Hypothesis / aims of study
A delivery with episiotomy, perineal tearing or labor dystocia using forceps or vacuum, are risk factors that contribute to the appearance of de novo dyspareunia with a prevalence of 17-45% at 6 months postpartum. Dyspareunia is a type of genito-pelvic pain (GPP) that takes place during vaginal penetration at some point in sexual intercourse. It greatly affects quality of life as well as psychological and sexual wellbeing.
There is no evidence in the scientific literature of the effect of radiofrequency (RF) in patients with de novo dyspareunia due to an obstetric injury. It is for all the previously mentioned that the following project is proposed, to evaluate the effect of RF in perineal scars and vaginal trigger points in these specific patients.
The main objective of this study is to evaluate the role that radiofrequency (RF) plays in reducing the level of pain in de novo dyspareunia in postpartum women that persists from 4 to 14 months.
Study design, materials and methods
A randomised prospective trial is being conducted in women presenting de novo dyspareunia upon resumption of coital intercourse after having a vaginal delivery with episiotomy, obstetric tearing of the anal sphincter (identified and repaired during labour), labour dystocia, and/or a macrosomic infant.
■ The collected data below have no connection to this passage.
lemma exists_Dw_fst_neq:
  assumes i: "i < a" and j: "j < a" and "i \<noteq> j"
  shows "\<exists>d\<in>Dw. fst d i \<noteq> fst d j"
proof -
  have "unit_X i \<in> zball a b" "unit_X j \<in> zball a b" using i j by (auto simp: zball_def)
  moreover have "unit_X i \<noteq> unit_X j" using \<open>i \<noteq> j\<close> inj_unit_X by (auto dest: injD)
  moreover have "unit_X i - unit_X j = unit_X i + unit_X j"
    using unit_X_add_self[of j] by (simp add: eq_neg_iff_add_eq_0[symmetric])
  ultimately have "unit_X i + unit_X j \<notin> Cw" using zball_diff_in_Cw by metis
  then obtain d where "d \<in> Dw" "zinner a b (unit_X i + unit_X j) d \<noteq> 0"
    using exists_Dw_zinner_neq_0 unit_X_in_zwords i j by (meson zwords_add)
  then have "d \<in> Dw" "z2_to_z4 (fst d i + fst d j) \<noteq> 0"
    by (simp_all add: zinner_add_left zinner_unit_X[OF i] zinner_unit_X[OF j] z2_to_z4_add)
  then show ?thesis by (metis z2_add_self z2_to_z4_eq_0_iff)
qed

lemma z2_subspace_fst_Dw: "z2_subspace (fst ` Dw)"
  unfolding z2_subspace_def
  using zsubgroup_0[OF zsubgroup_Dw] zsubgroup_add[OF zsubgroup_Dw] by (force simp: fst_add)

lemma fst_Dw_support: "v \<in> fst ` Dw \<Longrightarrow> a \<le> j \<Longrightarrow> v j = 0"
  using Dw_subset by (auto simp: zwords_def)

lemma proj_X_z24_dual: "proj_X (z24_dual a b C) = (\<lambda>v j. z2_to_nat (v j)) ` fst ` Dw"
proof -
  have "fst z = (\<lambda>j. z2_to_nat (fst (zword_of z) j))" if "z \<in> z24_dual a b C" for z
  proof -
    have "z \<in> Z24 a b" using that by (simp add: z24_dual_def)
    then show ?thesis by (simp add: zword_of_def fun_eq_iff z2_to_nat_of_nat Z24_fst_less)
  qed
  then have "proj_X (z24_dual a b C) = (\<lambda>v j. z2_to_nat (v j)) ` fst ` zword_of ` z24_dual a b C"
    unfolding proj_X_def by (force simp: image_image)
  then show ?thesis by (simp add: zword_of_z24_dual Dw_def Cw_def)
qed

lemma fst_Dw_basis_columns:
  assumes basis: "lincomb m g ` binvecs m = fst ` Dw"
  shows "\<forall>j<a. \<exists>k<m. g k j \<noteq> 0"
    and "\<forall>i<a. \<forall>j<a. i \<noteq> j \<longrightarrow> (\<exists>k<m. g k i \<noteq> g k j)"
proof -
  have coords: "\<exists>c. fst d = lincomb m g c" if "d \<in> Dw" for d
    using basis that by (metis imageE imageI)
  show "\<forall>j<a. \<exists>k<m. g k j \<noteq> 0"
  proof (intro allI impI, rule ccontr)
    fix j assume "j < a" "\<not> (\<exists>k<m. g k j \<noteq> 0)"
    moreover obtain d where "d \<in> Dw" "fst d j \<noteq> 0"
      using exists_Dw_fst_neq_0 calculation(1) by blast
    ultimately show False using coords lincomb_eq_0_at[of m g j] by fastforce
  qed
  show "\<forall>i<a. \<forall>j<a. i \<noteq> j \<longrightarrow> (\<exists>k<m. g k i \<noteq> g k j)"
  proof (intro allI impI, rule ccontr)
    fix i j assume "i < a" "j < a" "i \<noteq> j" "\<not> (\<exists>k<m. g k i \<noteq> g k j)"
    moreover obtain d where d: "d \<in> Dw" "fst d i \<noteq> fst d j"
      using exists_Dw_fst_neq calculation by blast
    moreover obtain c where "fst d = lincomb m g c" using coords d(1) by blast
    ultimately show False by (simp add: lincomb_def)
  qed
qed
lemma sat_edge_fm:
  assumes "\<forall>u v. E u v \<longrightarrow> u \<in> V \<and> v \<in> V" "\<exists>m. walk_betw E m (s 0) (s 1)"
  shows "sat V E L s (edge_fm d cs) \<longleftrightarrow>
    (\<exists>c\<in>set cs. \<exists>i\<le>d. Col c \<in> L (s 1) \<and> Dist i c \<in> L (s 0) \<and> tdist E (s 0) (s 1) = 2 * i)"
  using sat_dist_fm[OF assms] by (auto simp: edge_fm_def less_Suc_eq_le)

lemma tree_model_vertex_fm:
  assumes "tree_model d C VG EG VT ET r col" "set cs = C"
  shows "{a \<in> VT. sat VT ET (T1_labels VG EG ET col) (\<lambda>_. a) (vertex_fm cs)} = VG"
  using assms unfolding tree_model_def rleaves_def by (auto simp: sat_vertex_fm)

lemma tree_model_edge_fm:
  assumes G: "is_graph VG EG" and tm: "tree_model d C VG EG VT ET r col" and cs: "set cs = C"
    and a: "a \<in> VG" and b: "b \<in> VG" and "a \<noteq> b"
  shows "EG a b \<longleftrightarrow> sat VT ET (T1_labels VG EG ET col) (\<lambda>i. if i = 0 then a else b) (edge_fm d cs)"
proof -
  have T: "is_tree VT ET" and "a \<in> VT" "b \<in> VT" and "col b \<in> C"
    using tm a b unfolding tree_model_def rleaves_def by auto
  have EV: "\<forall>u v. ET u v \<longrightarrow> u \<in> VT \<and> v \<in> VT"
    using T unfolding is_tree_def by blast
  let ?s = "\<lambda>i :: nat. if i = 0 then a else b"
  have conn: "\<exists>m. walk_betw ET m (?s 0) (?s 1)"
    using tree_walk_betw[OF T \<open>a \<in> VT\<close> \<open>b \<in> VT\<close>] by simp
  from \<open>col b \<in> C\<close> cs b show ?thesis
    unfolding tree_model_adj_iff_Dist[OF G tm a b \<open>a \<noteq> b\<close>] sat_edge_fm[OF EV conn] by auto
qed

theorem lemma4:
  fixes d :: nat and C :: "'c set"
  assumes "d \<ge> 1" and "finite C"
  shows "\<exists>\<nu> \<eta> :: 'c fm.
    \<forall>(VG :: nat set) EG VT ET r col.
      is_graph VG EG \<and> tree_model d C VG EG VT ET r col \<longrightarrow>
        (let L = T1_labels VG EG ET col in
          {a \<in> VT. sat VT ET L (\<lambda>_. a) \<nu>} = VG
          \<and> (\<forall>a\<in>VG. \<forall>b\<in>VG. a \<noteq> b \<longrightarrow>
               (EG a b \<longleftrightarrow> sat VT ET L (\<lambda>i. if i = 0 then a else b) \<eta>)))"
proof -
  obtain cs where "set cs = C"
    using finite_list \<open>finite C\<close> by blast
  show ?thesis
  proof (rule exI[of _ "vertex_fm cs"], rule exI[of _ "edge_fm d cs"], intro allI impI)
    fix VG :: "nat set" and EG VT ET r col
    assume "is_graph VG EG \<and> tree_model d C VG EG VT ET r col"
    then have G: "is_graph VG EG" and tm: "tree_model d C VG EG VT ET r col"
      by auto
    show "let L = T1_labels VG EG ET col in
        {a \<in> VT. sat VT ET L (\<lambda>_. a) (vertex_fm cs)} = VG
        \<and> (\<forall>a\<in>VG. \<forall>b\<in>VG. a \<noteq> b \<longrightarrow>
             (EG a b \<longleftrightarrow> sat VT ET L (\<lambda>i. if i = 0 then a else b) (edge_fm d cs)))"
      using tree_model_vertex_fm[OF tm \<open>set cs = C\<close>] tree_model_edge_fm[OF G tm \<open>set cs = C\<close>]
      by (simp add: Let_def)
  qed
qed

end
lemma gamma_pow_le_one: "\<gamma> ^ n \<le> 1"
proof -
  have "a 0 undefined undefined \<le> (\<Sum>j\<in>UNIV. a 0 undefined j)"
    by (intro member_le_sum weight_nonneg) auto
  then have "\<gamma> \<le> 1" using self_weight stochasticD(2)[OF row_stochastic] by (metis order_trans)
  then show ?thesis using gamma_pos by (simp add: power_le_one)
qed

lemma shift: "ujsc_weights (\<lambda>t. E (Suc t)) (\<lambda>t. a (Suc t)) \<gamma> S"
proof
  show "strongly_connected_graph (\<Union>s\<in>{t..<t+S}. E (Suc s))" for t
    using window_connected[of "Suc t"] by (simp add: image_Suc_atLeastLessThan flip: image_image)
qed (use row_stochastic edge_weight self_weight gamma_pos in auto)

lemma averaging_upper_bound:
  fixes y :: "nat \<Rightarrow> 'm \<Rightarrow> real"
  assumes step: "\<And>\<tau> i. y (Suc (s + \<tau>)) i \<le> (\<Sum>j\<in>UNIV. a (s + \<tau>) i j * y (s + \<tau>) j) + b (s + \<tau>)"
    and init: "\<And>i. y s i \<le> U"
  shows "y (s + n) i \<le> U + (\<Sum>\<tau><n. b (s + \<tau>))"
proof (induction n arbitrary: i)
  case (Suc n)
  have "y (s + Suc n) i \<le> (\<Sum>j\<in>UNIV. a (s + n) i j * y (s + n) j) + b (s + n)"
    using step[of n i] by simp
  also have "(\<Sum>j\<in>UNIV. a (s + n) i j * y (s + n) j)
      \<le> (\<Sum>j\<in>UNIV. a (s + n) i j * (U + (\<Sum>\<tau><n. b (s + \<tau>))))"
    by (intro sum_mono mult_left_mono Suc weight_nonneg)
  finally show ?case using row_stochastic by simp
qed (use init in simp)

lemma averaged_deficit_le:
  fixes y :: "'m \<Rightarrow> real"
  assumes bound: "\<And>j. y j \<le> U" and deficit: "y l \<le> U - q" and q: "0 \<le> q"
    and weight: "\<gamma> \<le> a t i l"
  shows "(\<Sum>j\<in>UNIV. a t i j * y j) \<le> U - \<gamma> * q"
proof -
  have "(\<Sum>j\<in>UNIV. a t i j * y j) \<le> (\<Sum>j\<in>UNIV. a t i j * (U - (if j = l then q else 0)))"
    using bound deficit by (intro sum_mono mult_left_mono weight_nonneg) auto
  also have "\<dots> = (\<Sum>j\<in>UNIV. a t i j * U) - (\<Sum>j\<in>UNIV. a t i j * (if j = l then q else 0))"
    unfolding right_diff_distrib sum_subtractf ..
  also have "\<dots> = U - a t i l * q"
    using stochasticD(2)[OF row_stochastic] by (simp add: if_distrib cong: if_cong flip: sum_distrib_right)
  also have "\<dots> \<le> U - \<gamma> * q"
    using weight q by (simp add: mult_right_mono)
  finally show ?thesis .
qed
(* Let $C\ge0$. If a knowledge state algorithm $\mathcal A$ is $C$-competitive as a knowledge state algorithm, then $\mathcal A$ is $C$-competitive, i.e. there is a constant $K$ with $E(\mathrm{cost}_{\mathcal A}(\varrho))\le C\cdot\mathrm{cost}_{\mathrm{opt}}(\varrho)+K$ for every finite request sequence $\varrho$.
   Context: Online problem: a set $\mathcal X$ of states, a set $\mathcal R$ of requests, a start state $s^0$, a function $d:\mathcal X\times\mathcal X\to[0,\infty)$ with $d(x,x)=0$ and $d(x,z)\le d(x,y)+d(y,z)$, and $\mathrm{cost}:\mathcal X\times\mathcal R\times\mathcal X\to[0,\infty)$ with $\mathrm{cost}(u,r,v)\le d(u,x)+\mathrm{cost}(x,r,y)+d(y,v)$. For $\varrho=r^1\dots r^n$, $\mathrm{cost}_{\mathrm{opt}}(\varrho)$ is the infimum of $\sum_{t=1}^n\mathrm{cost}(x^{t-1},r^t,x^t)$ over all $x^1,\dots,x^n$ with $x^0=s^0$. $\Pi$ is the set of finitely supported probability distributions on $\mathcal X$; $\mathrm{cost}(\pi,r,\pi')$ is the minimum transportation cost $\min_\gamma\sum_{x,y}\gamma(x,y)\mathrm{cost}(x,r,y)$ over distributions $\gamma$ on $\mathrm{supp}(\pi)\times\mathrm{supp}(\pi')$ with marginals $\pi,\pi'$. An estimator is a function $\omega:\mathcal X\to[0,\infty)$ with $\omega(y)\le\omega(x)+d(x,y)$ for all $x,y$. The update operator is $(\omega\wedge r)(y)=\inf_{x\in\mathcal X}\{\omega(x)+\mathrm{cost}(x,r,y)\}$. Knowledge state algorithm $\mathcal A$: a knowledge state is a pair $k=(\pi,\omega)$ with $\pi\in\Pi$ and $\omega$ an estimator. The initial knowledge state is $k^0=(s^0,\omega^0)$ with $\omega^0$ an estimator satisfying $\omega^0(s^0)=0$ (e.g. $\omega^0=d(s^0,\cdot)$). For each knowledge state $k=(\pi,\omega)$ and request $r$, $\mathcal A$ specifies finitely many subsequent knowledge states $k_i=(\pi_i,\omega_i)$ with weights $\lambda_i>0$, $\sum_i\lambda_i=1$, and a real number $\mathrm{adjust}_{\mathcal A}(k,r)$ such that $(\omega\wedge r)(x)\ge\mathrm{adjust}_{\mathcal A}(k,r)+\sum_i\lambda_i\omega_i(x)$ for all $x\in\mathcal X$. On request sequence $r^1\dots r^n$, $k^t$ is chosen among the subsequents of $(k^{t-1},r^t)$, equal to $k_i$ with probability $\lambda_i$. Step cost $\mathrm{cost}_{\mathcal A}(k,r)=\mathrm{cost}(\pi,r,\sum_i\lambda_i\pi_i)$; $\mathrm{cost}_{\mathcal A}(\varrho)=\sum_t\mathrm{cost}_{\mathcal A}(k^{t-1},r^t)$ and $\mathrm{adjust}_{\mathcal A}(\varrho)=\sum_t\mathrm{adjust}_{\mathcal A}(k^{t-1},r^t)$. Writing $k^n=(\pi^n,\omega^n)$, $\mathcal A$ is $C$-competitive as a knowledge state algorithm if there is a constant $K$ with $E(\mathrm{cost}_{\mathcal A}(\varrho))\le C\cdot E(\mathrm{adjust}_{\mathcal A}(\varrho)+\omega^n(x))+K$ for every request sequence $\varrho=r^1\dots r^n$ and every $x\in\mathcal X$. *)

theory Defs
  imports "HOL-Probability.Probability"
begin

text \<open>Knowledge states are pairs (pi, omega) with pi a (finitely supported) pmf on
states and omega an estimator. A knowledge state algorithm is given by a function
step mapping a knowledge state and a request to a (finitely supported) distribution
over subsequent knowledge states (the weights lambda_i), and a function adjust.\<close>

type_synonym ('x) kstate = "'x pmf \<times> ('x \<Rightarrow> real)"

definition estimator :: "('x \<Rightarrow> 'x \<Rightarrow> real) \<Rightarrow> ('x \<Rightarrow> real) \<Rightarrow> bool" where
  "estimator d \<omega> \<longleftrightarrow> (\<forall>x. 0 \<le> \<omega> x) \<and> (\<forall>x y. \<omega> y \<le> \<omega> x + d x y)"

definition update :: "('x \<Rightarrow> 'r \<Rightarrow> 'x \<Rightarrow> real) \<Rightarrow> ('x \<Rightarrow> real) \<Rightarrow> 'r \<Rightarrow> 'x \<Rightarrow> real" where
  "update cost \<omega> r y = (INF x. \<omega> x + cost x r y)"

definition transport_cost :: "('x \<Rightarrow> 'r \<Rightarrow> 'x \<Rightarrow> real) \<Rightarrow> 'x pmf \<Rightarrow> 'r \<Rightarrow> 'x pmf \<Rightarrow> real" where
  "transport_cost cost \<pi> r \<pi>' =
     (INF \<gamma> \<in> {\<gamma>. map_pmf fst \<gamma> = \<pi> \<and> map_pmf snd \<gamma> = \<pi>'}.
        measure_pmf.expectation \<gamma> (\<lambda>(x, y). cost x r y))"

definition ksa_step_cost ::
  "('x \<Rightarrow> 'r \<Rightarrow> 'x \<Rightarrow> real) \<Rightarrow> ('x kstate \<Rightarrow> 'r \<Rightarrow> 'x kstate pmf) \<Rightarrow> 'x kstate \<Rightarrow> 'r \<Rightarrow> real" where
  "ksa_step_cost cost step k r = transport_cost cost (fst k) r (bind_pmf (step k r) (\<lambda>k'. fst k'))"

fun ksa_exp_cost ::
  "('x \<Rightarrow> 'r \<Rightarrow> 'x \<Rightarrow> real) \<Rightarrow> ('x kstate \<Rightarrow> 'r \<Rightarrow> 'x kstate pmf) \<Rightarrow> 'x kstate \<Rightarrow> 'r list \<Rightarrow> real" where
  "ksa_exp_cost cost step k [] = 0"
| "ksa_exp_cost cost step k (r # rs) =
     ksa_step_cost cost step k r
     + measure_pmf.expectation (step k r) (\<lambda>k'. ksa_exp_cost cost step k' rs)"

fun ksa_exp_adjust ::
  "('x kstate \<Rightarrow> 'r \<Rightarrow> 'x kstate pmf) \<Rightarrow> ('x kstate \<Rightarrow> 'r \<Rightarrow> real) \<Rightarrow> 'x kstate \<Rightarrow> 'r list \<Rightarrow> 'x \<Rightarrow> real" where
  "ksa_exp_adjust step adjust k [] x = snd k x"
| "ksa_exp_adjust step adjust k (r # rs) x =
     adjust k r
     + measure_pmf.expectation (step k r) (\<lambda>k'. ksa_exp_adjust step adjust k' rs x)"

fun path_cost :: "('x \<Rightarrow> 'r \<Rightarrow> 'x \<Rightarrow> real) \<Rightarrow> 'x \<Rightarrow> 'r list \<Rightarrow> 'x list \<Rightarrow> real" where
  "path_cost cost s (r # rs) (x # xs) = cost s r x + path_cost cost x rs xs"
| "path_cost cost s _ _ = 0"

definition cost_opt :: "('x \<Rightarrow> 'r \<Rightarrow> 'x \<Rightarrow> real) \<Rightarrow> 'x \<Rightarrow> 'r list \<Rightarrow> real" where
  "cost_opt cost s0 rs = (INF xs \<in> {xs. length xs = length rs}. path_cost cost s0 rs xs)"

definition is_ksa ::
  "('x \<Rightarrow> 'x \<Rightarrow> real) \<Rightarrow> ('x \<Rightarrow> 'r \<Rightarrow> 'x \<Rightarrow> real) \<Rightarrow> ('x kstate \<Rightarrow> 'r \<Rightarrow> 'x kstate pmf)
    \<Rightarrow> ('x kstate \<Rightarrow> 'r \<Rightarrow> real) \<Rightarrow> bool" where
  "is_ksa d cost step adjust \<longleftrightarrow>
    (\<forall>\<pi> \<omega> r. finite (set_pmf \<pi>) \<and> estimator d \<omega> \<longrightarrow>
       finite (set_pmf (step (\<pi>, \<omega>) r))
       \<and> (\<forall>k' \<in> set_pmf (step (\<pi>, \<omega>) r). finite (set_pmf (fst k')) \<and> estimator d (snd k'))
       \<and> (\<forall>x. adjust (\<pi>, \<omega>) r
               + measure_pmf.expectation (step (\<pi>, \<omega>) r) (\<lambda>k'. snd k' x)
             \<le> update cost \<omega> r x))"

definition ksa_competitive ::
  "('x \<Rightarrow> 'r \<Rightarrow> 'x \<Rightarrow> real) \<Rightarrow> ('x kstate \<Rightarrow> 'r \<Rightarrow> 'x kstate pmf) \<Rightarrow> ('x kstate \<Rightarrow> 'r \<Rightarrow> real)
    \<Rightarrow> 'x kstate \<Rightarrow> real \<Rightarrow> bool" where
  "ksa_competitive cost step adjust k0 C \<longleftrightarrow>
    (\<exists>K. \<forall>rs x. ksa_exp_cost cost step k0 rs \<le> C * ksa_exp_adjust step adjust k0 rs x + K)"
definition orthogonal_module ::
  "('v::real_vector \<Rightarrow> 'v \<Rightarrow> 'v) \<Rightarrow> 'w::real_vector set \<Rightarrow> ('v \<Rightarrow> 'w \<Rightarrow> 'w) \<Rightarrow> ('w \<Rightarrow> 'w \<Rightarrow> real) \<Rightarrow> bool" where
  "orthogonal_module br A \<rho> B \<longleftrightarrow>
     fin_dim_subspace A \<and> is_rep br A \<rho> \<and> nondeg_sym_form A B
   \<and> (\<forall>x. \<forall>u\<in>A. \<forall>v\<in>A. B (\<rho> x u) v = - B u (\<rho> x v))"

definition invariant_subspace :: "'w::real_vector set \<Rightarrow> ('v \<Rightarrow> 'w \<Rightarrow> 'w) \<Rightarrow> 'w set \<Rightarrow> bool" where
  "invariant_subspace A \<rho> U \<longleftrightarrow> subspace U \<and> U \<subseteq> A \<and> (\<forall>x. \<forall>u\<in>U. \<rho> x u \<in> U)"

definition semisimple_rep :: "'w::real_vector set \<Rightarrow> ('v \<Rightarrow> 'w \<Rightarrow> 'w) \<Rightarrow> bool" where
  "semisimple_rep A \<rho> \<longleftrightarrow>
     (\<forall>U. invariant_subspace A \<rho> U \<longrightarrow>
        (\<exists>W. invariant_subspace A \<rho> W \<and> U \<inter> W = {0} \<and> {u + w | u w. u \<in> U \<and> w \<in> W} = A))"

definition invariants :: "'w set \<Rightarrow> ('v \<Rightarrow> 'w \<Rightarrow> 'w::real_vector) \<Rightarrow> 'w set" where
  "invariants A \<rho> = {a \<in> A. \<forall>x. \<rho> x a = 0}"

definition ker_rep :: "'w set \<Rightarrow> ('v \<Rightarrow> 'w \<Rightarrow> 'w::real_vector) \<Rightarrow> 'v set" where
  "ker_rep A \<rho> = {x. \<forall>u\<in>A. \<rho> x u = 0}"

definition C1 :: "'w set \<Rightarrow> ('v::real_vector \<Rightarrow> 'w::real_vector) set" where
  "C1 A = {\<tau>. linear \<tau> \<and> (\<forall>x. \<tau> x \<in> A)}"

definition C2 :: "'w set \<Rightarrow> ('v::real_vector \<Rightarrow> 'v \<Rightarrow> 'w::real_vector) set" where
  "C2 A = {\<alpha>. bilinear_map \<alpha> \<and> (\<forall>x. \<alpha> x x = 0) \<and> (\<forall>x y. \<alpha> x y \<in> A)}"

definition C2s :: "('v::real_vector \<Rightarrow> 'v \<Rightarrow> real) set" where
  "C2s = {\<sigma>. bilinear_map \<sigma> \<and> (\<forall>x. \<sigma> x x = 0)}"

definition C3s :: "('v::real_vector \<Rightarrow> 'v \<Rightarrow> 'v \<Rightarrow> real) set" where
  "C3s = {\<gamma>. trilinear_map \<gamma> \<and> (\<forall>x y. \<gamma> x x y = 0 \<and> \<gamma> x y y = 0 \<and> \<gamma> x y x = 0)}"

definition d1 :: "('v \<Rightarrow> 'v \<Rightarrow> 'v) \<Rightarrow> ('v \<Rightarrow> 'w \<Rightarrow> 'w::real_vector) \<Rightarrow> ('v \<Rightarrow> 'w) \<Rightarrow> 'v \<Rightarrow> 'v \<Rightarrow> 'w" where
  "d1 br \<rho> \<tau> x y = \<rho> x (\<tau> y) - \<rho> y (\<tau> x) - \<tau> (br x y)"

definition d2 :: "('v \<Rightarrow> 'v \<Rightarrow> 'v) \<Rightarrow> ('v \<Rightarrow> 'w \<Rightarrow> 'w::real_vector) \<Rightarrow> ('v \<Rightarrow> 'v \<Rightarrow> 'w) \<Rightarrow> 'v \<Rightarrow> 'v \<Rightarrow> 'v \<Rightarrow> 'w" where
  "d2 br \<rho> \<alpha> x y z = \<rho> x (\<alpha> y z) - \<rho> y (\<alpha> x z) + \<rho> z (\<alpha> x y)
      - \<alpha> (br x y) z + \<alpha> (br x z) y - \<alpha> (br y z) x"

definition d2s :: "('v \<Rightarrow> 'v \<Rightarrow> 'v) \<Rightarrow> ('v \<Rightarrow> 'v \<Rightarrow> real) \<Rightarrow> 'v \<Rightarrow> 'v \<Rightarrow> 'v \<Rightarrow> real" where
  "d2s br \<sigma> x y z = - \<sigma> (br x y) z + \<sigma> (br x z) y - \<sigma> (br y z) x"

definition d3s :: "('v \<Rightarrow> 'v \<Rightarrow> 'v) \<Rightarrow> ('v \<Rightarrow> 'v \<Rightarrow> 'v \<Rightarrow> real) \<Rightarrow> 'v \<Rightarrow> 'v \<Rightarrow> 'v \<Rightarrow> 'v \<Rightarrow> real" where
  "d3s br \<gamma> w x y z = - \<gamma> (br w x) y z + \<gamma> (br w y) x z - \<gamma> (br w z) x y
      - \<gamma> (br x y) w z + \<gamma> (br x z) w y - \<gamma> (br y z) w x"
In this study we identify two groups that have received 5 sessions of RF. The intervention group (IG) receives treatment with activated RF, and the control group (CG) receives sham treatment and the groups are double-blinded. Other than RF, both groups perform daily perineal massage at home. We have evaluated, as a main variable, the level of pain using the Visual Analogue Scale (VAS) in the initial session and at the end of the 5 sessions. As secondary variables we have evaluated the sexual function, quality of life and other pelvic floor dysfunction symptoms.
Interpretation of results
The preliminary analysis of the 38 patients that have already finished the 5 sessions of treatment together with daily perineal massage shows a higher decrease of the level of pain during penetration in the IG compared to the CG.